Família de Sara Freitas aposta em condenação, afirma advogado

Rogério Matos destaca expectativa positiva para julgamento dos três acusados do feminicídio

Expectativa de condenação marca retomada do caso Sara Freitas
Expectativa de condenação marca retomada do caso Sara Freitas |  Foto: José Simões/Ag A TARDE

O júri popular do caso Sara Freitas, cantora gospel assassinada, retorna nesta terça-feira (24) no Fórum Criminal de Dias D’Ávila, na Região Metropolitana de Salvador (RMS). Desta vez, os três acusados — Ederlan Santos Mariano, Weslen Pablo Correia de Jesus, o “Bispo Zadoque”, e Victor Gabriel Oliveira Neves — vão responder pelos crimes que levaram à morte da artista.

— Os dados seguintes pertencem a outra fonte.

(* Assume $\gamma_0$ is unimodal (and symmetric about $0$) with $\sup_u|\frac{d}{du}\log\gamma_0(u)|\le\Lambda$ a.e. and $\sup_u|\frac{d^2}{du^2}\log\gamma_0(u)|\le\Lambda'$ a.e. for some $\Lambda,\Lambda'>0$. Then there is a constant $C>0$ depending only on $\gamma_0$ such that for all $x\in\mathbb{R}$, $w\in(0,1]$, $c\in\mathbb{R}$, $$\left|\frac{d}{dx}\zeta(x;\theta)\right|\le C\bigl(1+|c|+\log(1/w)\bigr).$$ The same conclusion holds when $\gamma_0$ is the double exponential density $\gamma_0(u)=\frac{\Lambda}{2}e^{-\Lambda|u|}$.
   Context: Let $\phi$ be the standard normal density and $\gamma_0$ a probability density on $\mathbb{R}$. For $\theta=(w,c)$, $w\in(0,1]$, $c\in\mathbb{R}$, let $g(x;c)=\int\phi(x-\mu)\gamma_0(\mu-c)\,d\mu$, $m(x;\theta)=(1-w)\phi(x)+wg(x;c)$, and $\zeta(x;\theta)=x+\frac{d}{dx}\log m(x;\theta)$ (the posterior mean of $\mu$ given $X=x$ under $X\mid\mu\sim N(\mu,1)$ and prior $(1-w)\delta_0+w\gamma_0(\cdot-c)$). *)

theory Defs
  imports "HOL-Analysis.Analysis"
begin

definition phi :: "real \<Rightarrow> real" where
  "phi x = exp (- (x\<^sup>2) / 2) / sqrt (2 * pi)"

definition gfun :: "(real \<Rightarrow> real) \<Rightarrow> real \<Rightarrow> real \<Rightarrow> real" where
  "gfun gamma0 c x = (LINT mu|lborel. phi (x - mu) * gamma0 (mu - c))"

definition mfun :: "(real \<Rightarrow> real) \<Rightarrow> real \<Rightarrow> real \<Rightarrow> real \<Rightarrow> real" where
  "mfun gamma0 w c x = (1 - w) * phi x + w * gfun gamma0 c x"

definition zeta :: "(real \<Rightarrow> real) \<Rightarrow> real \<Rightarrow> real \<Rightarrow> real \<Rightarrow> real" where
  "zeta gamma0 w c x = x + deriv (\<lambda>y. ln (mfun gamma0 w c y)) x"

definition prob_density :: "(real \<Rightarrow> real) \<Rightarrow> bool" where
  "prob_density gamma0 \<longleftrightarrow> gamma0 \<in> borel_measurable borel \<and> (\<forall>u. 0 \<le> gamma0 u)
     \<and> integrable lborel gamma0 \<and> (LINT u|lborel. gamma0 u) = 1"

end

theory Submission
  imports Defs "HOL-Probability.Distributions"
begin
(* Let $\mathcal O\subset\mathbb R^2$ be a connected open set and let $\mathcal M=(\mathcal O,\Gamma)$ be an affine surface. Suppose there exist real linear functions $L_1,L_2,L_3$ such that $\{e^{L_1}\cos(L_2),e^{L_1}\sin(L_2),e^{L_3}\}$ is a basis of $\mathcal Q(\mathcal M)$. Then $\Gamma$ has constant Christoffel symbols (i.e. is Type $\mathcal A$), and $\Gamma$ is linearly equivalent to one of: $\Gamma_c^2(b_1,b_2)$ for some $b_1\neq1$ with $(b_1,b_2)\neq(0,0)$; $\Gamma_5^1(c)$ for some $c\in\mathbb R$; or $\Gamma_5^0$.
   Context: An affine manifold $(M,\nabla)$ is a smooth manifold $M$ of dimension $m\ge 2$ with a torsion-free connection $\nabla$ on $TM$; in local coordinates $\nabla_{\partial_{x^i}}\partial_{x^j}=\Gamma_{ij}^k\partial_{x^k}$ (summation over repeated indices). The curvature is $R(X,Y)Z=\nabla_X\nabla_YZ-\nabla_Y\nabla_XZ-\nabla_{[X,Y]}Z$, the Ricci tensor is $\rho(Y,Z)=\mathrm{Tr}(X\mapsto R(X,Y)Z)$, and $\rho_s(X,Y)=\frac12(\rho(X,Y)+\rho(Y,X))$. The Hessian is $\mathcal H_\nabla f=(\partial_{x^i}\partial_{x^j}f-\Gamma_{ij}^k\partial_{x^k}f)\,dx^i\otimes dx^j$. The quasi-Einstein solution space is $\mathcal Q(M,\nabla)=\{f\in C^\infty(M):\mathcal H_\nabla f+\frac{1}{m-1}f\rho_s=0\}$. For real constants, $\Gamma(a,b,c,d,e,f)$ denotes the connection on (an open subset of) $\mathbb R^2$ whose Christoffel symbols in the standard coordinates $(x^1,x^2)$ are the constants $\Gamma_{11}^1=a$, $\Gamma_{11}^2=b$, $\Gamma_{12}^1=\Gamma_{21}^1=c$, $\Gamma_{12}^2=\Gamma_{21}^2=d$, $\Gamma_{22}^1=e$, $\Gamma_{22}^2=f$. Two connections with constant Christoffel symbols are linearly equivalent if there is $T\in GL(2,\mathbb R)$ with $T^*\nabla_2=\nabla_1$. A real linear function is $L(x^1,x^2)=\alpha_1x^1+\alpha_2x^2$, $\alpha_i\in\mathbb R$. The specific connections: for $b_1\ne1$, $\Gamma_c^2(b_1,b_2):=\Gamma(1+b_1,0,b_2,1,\frac{1+b_2^2}{b_1-1},0)$; $\Gamma_5^1(c):=\Gamma(1,0,0,0,1+c^2,2c)$; $\Gamma_5^0:=\Gamma(1,0,0,1,-1,0)$. *)

theory Defs
  imports "HOL-Analysis.Analysis"
begin

definition coord_idx :: "nat set" where "coord_idx = {1, 2}"

definition partial :: "nat \<Rightarrow> (real \<times> real \<Rightarrow> real) \<Rightarrow> real \<times> real \<Rightarrow> real" where
  "partial i f p =
     (if i = 1 then deriv (\<lambda>t. f (t, snd p)) (fst p) else deriv (\<lambda>t. f (fst p, t)) (snd p))"

definition smooth2_on :: "(real \<times> real) set \<Rightarrow> (real \<times> real \<Rightarrow> real) \<Rightarrow> bool" where
  "smooth2_on U f \<longleftrightarrow> (\<forall>ds. set ds \<subseteq> coord_idx \<longrightarrow> foldr partial ds f differentiable_on U)"

text \<open>A connection is given by Christoffel symbols G i j k = Gamma_ij^k (functions on R^2).
  Affine surface: smooth symbols, torsion free (symmetric in i j).\<close>
definition affine_surface ::
  "(real \<times> real) set \<Rightarrow> (nat \<Rightarrow> nat \<Rightarrow> nat \<Rightarrow> real \<times> real \<Rightarrow> real) \<Rightarrow> bool" where
  "affine_surface U G \<longleftrightarrow> open U \<and>
     (\<forall>i\<in>coord_idx. \<forall>j\<in>coord_idx. \<forall>k\<in>coord_idx.
        smooth2_on U (G i j k) \<and> (\<forall>p\<in>U. G i j k p = G j i k p))"

text \<open>R(d_i,d_j) d_k = curv G i j k m d_m\<close>
definition curv :: "(nat \<Rightarrow> nat \<Rightarrow> nat \<Rightarrow> real \<times> real \<Rightarrow> real) \<Rightarrow> nat \<Rightarrow> nat \<Rightarrow> nat \<Rightarrow> nat
    \<Rightarrow> real \<times> real \<Rightarrow> real" where
  "curv G i j k m p = partial i (G j k m) p - partial j (G i k m) p
     + (\<Sum>l\<in>coord_idx. G j k l p * G i l m p - G i k l p * G j l m p)"

definition ricci :: "(nat \<Rightarrow> nat \<Rightarrow> nat \<Rightarrow> real \<times> real \<Rightarrow> real) \<Rightarrow> nat \<Rightarrow> nat \<Rightarrow> real \<times> real \<Rightarrow> real" where
  "ricci G j k p = (\<Sum>i\<in>coord_idx. curv G i j k i p)"

definition ricci_s :: "(nat \<Rightarrow> nat \<Rightarrow> nat \<Rightarrow> real \<times> real \<Rightarrow> real) \<Rightarrow> nat \<Rightarrow> nat \<Rightarrow> real \<times> real \<Rightarrow> real" where
  "ricci_s G j k p = (ricci G j k p + ricci G k j p) / 2"

definition hess :: "(nat \<Rightarrow> nat \<Rightarrow> nat \<Rightarrow> real \<times> real \<Rightarrow> real) \<Rightarrow> (real \<times> real \<Rightarrow> real)
    \<Rightarrow> nat \<Rightarrow> nat \<Rightarrow> real \<times> real \<Rightarrow> real" where
  "hess G f i j p = partial i (partial j f) p - (\<Sum>k\<in>coord_idx. G i j k p * partial k f p)"

text \<open>Quasi-Einstein solution space, m = 2 so 1/(m-1) = 1.\<close>
definition QE :: "(real \<times> real) set \<Rightarrow> (nat \<Rightarrow> nat \<Rightarrow> nat \<Rightarrow> real \<times> real \<Rightarrow> real)
    \<Rightarrow> (real \<times> real \<Rightarrow> real) set" where
  "QE U G = {f. smooth2_on U f \<and>
     (\<forall>p\<in>U. \<forall>i\<in>coord_idx. \<forall>j\<in>coord_idx.
        hess G f i j p + (1 / (2 - 1)) * f p * ricci_s G i j p = 0)}"

definition is_basis3_on :: "(real \<times> real) set \<Rightarrow> (real \<times> real \<Rightarrow> real) set
    \<Rightarrow> (real \<times> real \<Rightarrow> real) \<Rightarrow> (real \<times> real \<Rightarrow> real) \<Rightarrow> (real \<times> real \<Rightarrow> real) \<Rightarrow> bool" where
  "is_basis3_on U Q f1 f2 f3 \<longleftrightarrow>
     f1 \<in> Q \<and> f2 \<in> Q \<and> f3 \<in> Q \<and>
     (\<forall>a b c. (\<forall>p\<in>U. a * f1 p + b * f2 p + c * f3 p = 0) \<longrightarrow> a = 0 \<and> b = 0 \<and> c = 0) \<and>
     (\<forall>g\<in>Q. \<exists>a b c. \<forall>p\<in>U. g p = a * f1 p + b * f2 p + c * f3 p)"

Rogério Matos, advogado da família de Sara, disse ao Grupo A TARDE que a expectativa para o julgamento é positiva. Segundo ele, o local já registrou uma condenação anterior, a do motorista Gideão, que pegou 20 anos e 4 meses de prisão, e garante que o Fórum é seguro: “Se vocês observarem, tem mais policiais do que pessoas na rua. Então o adiamento que houve em novembro, que a defesa alegou que o local era inseguro, não é verdade”.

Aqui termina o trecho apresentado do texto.